Maybe we would also add a COORDINATE_SYSTEM.WEB_MERCATOR_TILE_ZERO_OFFSETS
mode? But that makes things ever more complex to describe...
Only way I found that got around this whole problem was to bin the data. This was not enough though, because WebMercatorViewport
uses latitude
and longitude
to calculate distance scales.
So I had to also add a projectionOrigin prop to WebMercatorViewport
.
WebMercatorViewport :
const distanceScales = calculateDistanceScales({
latitude: projectionOrigin ? projectionOrigin[1] : latitude,
longitude: projectionOrigin ? projectionOrigin[0] : longitude,
scale
})
Bin data :
const aoiCenter = turf.center(
wellknown(nextProps.selectedAOI.get('boundary_wkt'))
)
let bins = {}
measuredGeometry.features.forEach(f => {
const lat = f.geometry.coordinates[1]
const key = lat.toFixed(2)
if (!bins[key]) {
bins[key] = [f]
} else {
bins[key].push(f)
}
})
const scatterplotLayers = Object.keys(bins).map(key => {
const bin = bins[key]
return {
id: 'measurements points ' + key,
data: bin,
opacity: 1,
radiusMinPixels: 1,
getPosition: d => {
return d.geometry.coordinates
},
getRadius: d => 0.5,
getColor: d => [OI_GREEN.r, OI_GREEN.g, OI_GREEN.b],
fp64: false,
projectionMode: COORDINATE_SYSTEM.METER_OFFSETS,
positionOrigin: [
aoiCenter.geometry.coordinates[0],
Number(key + '5')
]
}
})
@ibgreen
But note that the precision advantages only comes when we use offsets instead of absolute coordinates, so this mode would need to support fp64.

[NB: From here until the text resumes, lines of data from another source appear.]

(* Let $\kappa\ge2$, $\alpha,\beta\in\mathbb{R}$ and $\Sigma_\lambda\in\mathscr{M}_\kappa^+$. Then there exists a unique global solution $\{\mathsf{V}_t\}_{t\ge0}$ to the matrix ODE $\frac{d}{dt}\mathsf{V}_t=\mathsf{F}(\mathsf{V}_t)$, $\mathsf{V}_0=\Sigma_\lambda$, and $\mathsf{V}_t\in\mathscr{M}_\kappa^+$ for all $t\in[0,\infty)$.
   Context: Matrices are indexed by $\{0,\dots,\kappa\}$. $\mathsf{M}_\kappa(a,b,c)$ has $(i,j)$ entry $a$ if $i=j$, $b$ if $i\ne j$ and ($i=0$ or $j=0$), $c$ otherwise; $\mathscr{M}_\kappa=\{\mathsf{M}_\kappa(a,b,c):(a,b,c)\in\mathbb{R}^3\}$ and $\mathscr{M}_\kappa^+$ its positive definite elements. $\mathsf{I}$ is the identity, $\mathsf{Q}$ has $\mathsf{Q}_{00}=1$ and other entries $0$, $\mathsf{P}$ has $\mathsf{P}_{0j}=1$ for $j\ne0$ and other entries $0$. With $f(a,b,c)=\frac{b(a-c)}{a^2-b^2}$, $g(a,b,c)=\frac{ac-b^2}{a^2-b^2}$, for $\mathsf{A}=\mathsf{M}_\kappa(a,b,c)$ set $\tilde\alpha(\mathsf{A})=\alpha+\frac{\beta(\kappa-1)}{\kappa}f(a,b,c)$, $\tilde\beta(\mathsf{A})=\frac\beta\kappa+\frac{\beta(\kappa-1)}{\kappa}g(a,b,c)$ if $|a|\ne|b|$ and both $0$ otherwise; $\mathsf{L}(\mathsf{A})=\alpha\mathsf{Q}+\tilde\alpha(\mathsf{A})(\mathsf{I}-\mathsf{Q})+\frac\beta\kappa\mathsf{P}+\tilde\beta(\mathsf{A})\mathsf{P}^*$; $\mathsf{F}(\mathsf{A})=2\mathsf{I}-\mathsf{L}(\mathsf{A})\mathsf{A}-\mathsf{A}\mathsf{L}(\mathsf{A})^*$. *)

theory Defs
  imports "HOL-Analysis.Analysis"
begin

text \<open>Matrices indexed by {0..kappa} are represented as functions nat => nat => real;
  only entries with both indices in {0..kappa} are meaningful.\<close>

type_synonym rmat = "nat \<Rightarrow> nat \<Rightarrow> real"

definition matM :: "nat \<Rightarrow> real \<Rightarrow> real \<Rightarrow> real \<Rightarrow> rmat" where
  "matM \<kappa> a b c = (\<lambda>i j. if i = j then a else if i = 0 \<or> j = 0 then b else c)"

definition mat_eq_on :: "nat \<Rightarrow> rmat \<Rightarrow> rmat \<Rightarrow> bool" where
  "mat_eq_on \<kappa> A B \<longleftrightarrow> (\<forall>i\<le>\<kappa>. \<forall>j\<le>\<kappa>. A i j = B i j)"

definition in_scrM :: "nat \<Rightarrow> rmat \<Rightarrow> bool" where
  "in_scrM \<kappa> A \<longleftrightarrow> (\<exists>a b c. mat_eq_on \<kappa> A (matM \<kappa> a b c))"

definition pos_def :: "nat \<Rightarrow> rmat \<Rightarrow> bool" where
  "pos_def \<kappa> A \<longleftrightarrow> (\<forall>i\<le>\<kappa>. \<forall>j\<le>\<kappa>. A i j = A j i) \<and>
     (\<forall>x::nat \<Rightarrow> real. (\<exists>i\<le>\<kappa>. x i \<noteq> 0) \<longrightarrow>
        (\<Sum>i\<le>\<kappa>. \<Sum>j\<le>\<kappa>. x i * A i j * x j) > 0)"

definition in_scrM_pos :: "nat \<Rightarrow> rmat \<Rightarrow> bool" where
  "in_scrM_pos \<kappa> A \<longleftrightarrow> in_scrM \<kappa> A \<and> pos_def \<kappa> A"

definition matI :: rmat where "matI = (\<lambda>i j. if i = j then 1 else 0)"
definition matQ :: rmat where "matQ = (\<lambda>i j. if i = 0 \<and> j = 0 then 1 else 0)"
definition matP :: rmat where "matP = (\<lambda>i j. if i = 0 \<and> j \<noteq> 0 then 1 else 0)"

definition mat_tr :: "rmat \<Rightarrow> rmat" where "mat_tr A = (\<lambda>i j. A j i)"

definition mat_mult :: "nat \<Rightarrow> rmat \<Rightarrow> rmat \<Rightarrow> rmat" where
  "mat_mult \<kappa> A B = (\<lambda>i j. \<Sum>k\<le>\<kappa>. A i k * B k j)"

definition ff :: "real \<Rightarrow> real \<Rightarrow> real \<Rightarrow> real" where
  "ff a b c = b * (a - c) / (a\<^sup>2 - b\<^sup>2)"

definition gg :: "real \<Rightarrow> real \<Rightarrow> real \<Rightarrow> real" where
  "gg a b c = (a * c - b\<^sup>2) / (a\<^sup>2 - b\<^sup>2)"

text \<open>For A = M(a,b,c) with kappa >= 2 the parameters are recovered as
  a = A 0 0, b = A 0 1, c = A 1 2.\<close>

definition alpha_t :: "nat \<Rightarrow> real \<Rightarrow> real \<Rightarrow> rmat \<Rightarrow> real" where
  "alpha_t \<kappa> \<alpha> \<beta> A = (let a = A 0 0; b = A 0 1; c = A 1 2 in
     if \<bar>a\<bar> \<noteq> \<bar>b\<bar> then \<alpha> + \<beta> * (real \<kappa> - 1) / real \<kappa> * ff a b c else 0)"

definition beta_t :: "nat \<Rightarrow> real \<Rightarrow> real \<Rightarrow> rmat \<Rightarrow> real" where
  "beta_t \<kappa> \<alpha> \<beta> A = (let a = A 0 0; b = A 0 1; c = A 1 2 in
     if \<bar>a\<bar> \<noteq> \<bar>b\<bar> then \<beta> / real \<kappa> + \<beta> * (real \<kappa> - 1) / real \<kappa> * gg a b c else 0)"

definition matL :: "nat \<Rightarrow> real \<Rightarrow> real \<Rightarrow> rmat \<Rightarrow> rmat" where
  "matL \<kappa> \<alpha> \<beta> A = (\<lambda>i j. \<alpha> * matQ i j + alpha_t \<kappa> \<alpha> \<beta> A * (matI i j - matQ i j)
     + \<beta> / real \<kappa> * matP i j + beta_t \<kappa> \<alpha> \<beta> A * mat_tr matP i j)"

definition matF :: "nat \<Rightarrow> real \<Rightarrow> real \<Rightarrow> rmat \<Rightarrow> rmat" where
  "matF \<kappa> \<alpha> \<beta> A = (\<lambda>i j. 2 * matI i j - mat_mult \<kappa> (matL \<kappa> \<alpha> \<beta> A) A i j
     - mat_mult \<kappa> A (mat_tr (matL \<kappa> \<alpha> \<beta> A)) i j)"

definition is_global_solution :: "nat \<Rightarrow> real \<Rightarrow> real \<Rightarrow> rmat \<Rightarrow> (real \<Rightarrow> rmat) \<Rightarrow> bool" where
  "is_global_solution \<kappa> \<alpha> \<beta> S V \<longleftrightarrow>
     (\<forall>t\<ge>0. in_scrM \<kappa> (V t)) \<and> mat_eq_on \<kappa> (V 0) S \<and>
     (\<forall>t\<ge>0. \<forall>i\<le>\<kappa>. \<forall>j\<le>\<kappa>.
        ((\<lambda>s. V s i j) has_real_derivative matF \<kappa> \<alpha> \<beta> (V t) i j) (at t within {0..}))"

end

theory Submission
  imports Defs
begin

(* Restricted to the family M_kappa, the field F becomes, in the linear coordinates
   p = a + b, q = a - b, e = a - c of M(a, b, c), an explicit rational vector field
   (reduced_field), and positive definiteness of M(a, b, c) becomes the open condition
   p, q, e > 0 and (kappa - 1) e (p + q) < 2 kappa p q.

   Existence: in the variables x = e/p, y = e/q, z = 1/e the per-capita growth rates of the
   reduced system are polynomial, so in logarithmic coordinates the system is globally
   Lipschitz once the exponentials are clipped at suitable levels. Barrier arguments show that
   x + y < 2 kappa / (kappa - 1) and that z stays bounded, so the clipping is never active: the
   Picard solution solves the true system and stays in the positive definite region.

   Uniqueness: the reduced coordinates of any global solution obey the same ODE as long as
   p and q do not vanish, and the reduced field is locally Lipschitz there. A Gronwall estimate
   for |v - u|^2 at the first time two solutions separate shows that they never separate. *)

section \<open>Autonomous differential equations\<close>

lemma has_real_derivative_components:
  assumes "(f has_vector_derivative f') F"
  shows "((\<lambda>t. fst (f t)) has_real_derivative fst f') F"
    and "((\<lambda>t. fst (snd (f t))) has_real_derivative fst (snd f')) F"
    and "((\<lambda>t. snd (snd (f t))) has_real_derivative snd (snd f')) F"
proof -
  note fst = bounded_linear.has_vector_derivative[OF bounded_linear_fst]
    and snd = bounded_linear.has_vector_derivative[OF bounded_linear_snd]
  show "((\<lambda>t. fst (f t)) has_real_derivative fst f') F"
    and "((\<lambda>t. fst (snd (f t))) has_real_derivative fst (snd f')) F"
    and "((\<lambda>t. snd (snd (f t))) has_real_derivative snd (snd f')) F"
    using fst[OF assms] fst[OF snd[OF assms]] snd[OF snd[OF assms]]
    by (simp_all add: has_real_derivative_iff_has_vector_derivative)
qed

primrec picard_iter :: "('a::banach \<Rightarrow> 'a) \<Rightarrow> 'a \<Rightarrow> nat \<Rightarrow> real \<Rightarrow> 'a" where
  "picard_iter H u0 0 t = u0"
| "picard_iter H u0 (Suc k) t = u0 + integral {0..t} (\<lambda>s. H (picard_iter H u0 k s))"

context
  fixes H :: "'a::banach \<Rightarrow> 'a" and L :: real and u0 :: 'a
  assumes lipschitz: "L-lipschitz_on UNIV H"
begin

private lemma lipschitz_constant_nonneg: "L \<ge> 0"
  using lipschitz_on_nonneg[OF lipschitz] .

private lemma continuous_on_field: "continuous_on S H"
  using lipschitz_on_continuous_on[OF lipschitz] continuous_on_subset by blast

lemma continuous_on_picard_iter: "continuous_on {0..T} (picard_iter H u0 k)"
proof (induction k)
  case 0
  then show ?case by simp
next
  case (Suc k)
  have "continuous_on {0..T} (\<lambda>s. H (picard_iter H u0 k s))"
    using continuous_on_compose[OF Suc continuous_on_field] by (simp add: o_def)
  then have "continuous_on {0..T} (\<lambda>t. integral {0..t} (\<lambda>s. H (picard_iter H u0 k s)))"
    by (rule continuous_on_vector_derivative[OF integral_has_vector_derivative])
  then show ?case by (simp add: continuous_intros)
qed

lemma continuous_on_field_picard_iter: "continuous_on {0..T} (\<lambda>s. H (picard_iter H u0 k s))"
  using continuous_on_compose[OF continuous_on_picard_iter continuous_on_field] by (simp add: o_def)

lemma picard_iter_step_bound:
  assumes "t \<ge> 0"
  shows "norm (picard_iter H u0 (Suc k) t - picard_iter H u0 k t)
    \<le> norm (H u0) * L ^ k * t ^ Suc k / fact (Suc k)"
  using assms
proof (induction k arbitrary: t)
  case 0
  then show ?case by simp
next
  case (Suc k)
  define B where "B s = norm (H u0) * L ^ Suc k * s ^ Suc (Suc k) / fact (Suc (Suc k))" for s
  have intg: "(\<lambda>s. H (picard_iter H u0 j s)) integrable_on {0..t}" for j
    by (rule integrable_continuous_real[OF continuous_on_field_picard_iter])
  have "picard_iter H u0 (Suc (Suc k)) t - picard_iter H u0 (Suc k) t
      = integral {0..t} (\<lambda>s. H (picard_iter H u0 (Suc k) s) - H (picard_iter H u0 k s))"
    using integral_diff[OF intg intg, of "Suc k" k] by simp
  also have "norm \<dots> \<le> integral {0..t} (\<lambda>s. L * (norm (H u0) * L ^ k * s ^ Suc k / fact (Suc k)))"
  proof (rule integral_norm_bound_integral)
    show "(\<lambda>s. L * (norm (H u0) * L ^ k * s ^ Suc k / fact (Suc k))) integrable_on {0..t}"
      by (intro integrable_continuous_real continuous_intros) (auto simp del: fact_Suc)
    fix s assume s: "s \<in> {0..t}"
    have "norm (H (picard_iter H u0 (Suc k) s) - H (picard_iter H u0 k s))
        \<le> L * norm (picard_iter H u0 (Suc k) s - picard_iter H u0 k s)"
      using lipschitz_on_normD[OF lipschitz] by simp
    also have "\<dots> \<le> L * (norm (H u0) * L ^ k * s ^ Suc k / fact (Suc k))"
      using Suc.IH[of s] s lipschitz_constant_nonneg by (intro mult_left_mono) auto
    finally show "norm (H (picard_iter H u0 (Suc k) s) - H (picard_iter H u0 k s))
        \<le> L * (norm (H u0) * L ^ k * s ^ Suc k / fact (Suc k))" .
  qed (intro integrable_diff intg)
  also have "\<dots> = B t - B 0"
  proof (rule integral_unique, rule fundamental_theorem_of_calculus)
    fix x assume "x \<in> {0..t}"
    show "(B has_vector_derivative L * (norm (H u0) * L ^ k * x ^ Suc k / fact (Suc k)))
        (at x within {0..t})"
      unfolding B_def has_real_derivative_iff_has_vector_derivative[symmetric]
      by (rule derivative_eq_intros refl | simp)+
  qed (use Suc.prems in simp)
  finally show ?case by (simp add: B_def)
qed

lemma picard_iter_uniformly_convergent:
  obtains u where "\<And>T. uniform_limit {0..T} (picard_iter H u0) u sequentially"
proof
  define d where "d k t = picard_iter H u0 (Suc k) t - picard_iter H u0 k t" for k t
  define M where "M = norm (H u0)"
  have telescope: "picard_iter H u0 n t = u0 + (\<Sum>k<n. d k t)" for n t
    using sum_lessThan_telescope[of "\<lambda>k. picard_iter H u0 k t" n] by (simp add: d_def)
  fix T :: real
  have "uniform_limit {0..T} (\<lambda>n t. \<Sum>k<n. d k t) (\<lambda>t. \<Sum>k. d k t) sequentially"
  proof (rule Weierstrass_m_test)
    fix k t assume t: "t \<in> {0..T}"
    have "norm (d k t) \<le> M * L ^ k * t ^ Suc k / fact (Suc k)"
      using picard_iter_step_bound[of t k] t by (simp add: d_def M_def)
    also have "\<dots> \<le> M * L ^ k * T ^ Suc k / fact k"
      using t lipschitz_constant_nonneg by (intro frac_le mult_left_mono power_mono fact_mono)
        (auto simp: M_def simp del: fact_Suc)
    also have "\<dots> = M * T * (inverse (fact k) * (L * T) ^ k)"
      by (simp add: field_simps power_mult_distrib)
    finally show "norm (d k t) \<le> M * T * (inverse (fact k) * (L * T) ^ k)" .
  qed (intro summable_mult summable_exp)
  then show "uniform_limit {0..T} (picard_iter H u0) (\<lambda>t. u0 + (\<Sum>k. d k t)) sequentially"
    unfolding telescope by (intro uniform_limit_add uniform_limit_const)
qed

That depends. Preprojecting does reduce "jiggle" for me. It's somewhere between fp32 and fp64 shader quality. As far as I understand, the improvement is because sin/cos then use JS numbers - so better than fp32 shader sin/cos.
Need to evaluate the use case.
I used the below to plot using METER_OFFSET. Results are quite good until the points are very far from the Origin, where they start moving away from their positions plotted using LNGLAT. Any idea to get it more accurate with the lnglat positions?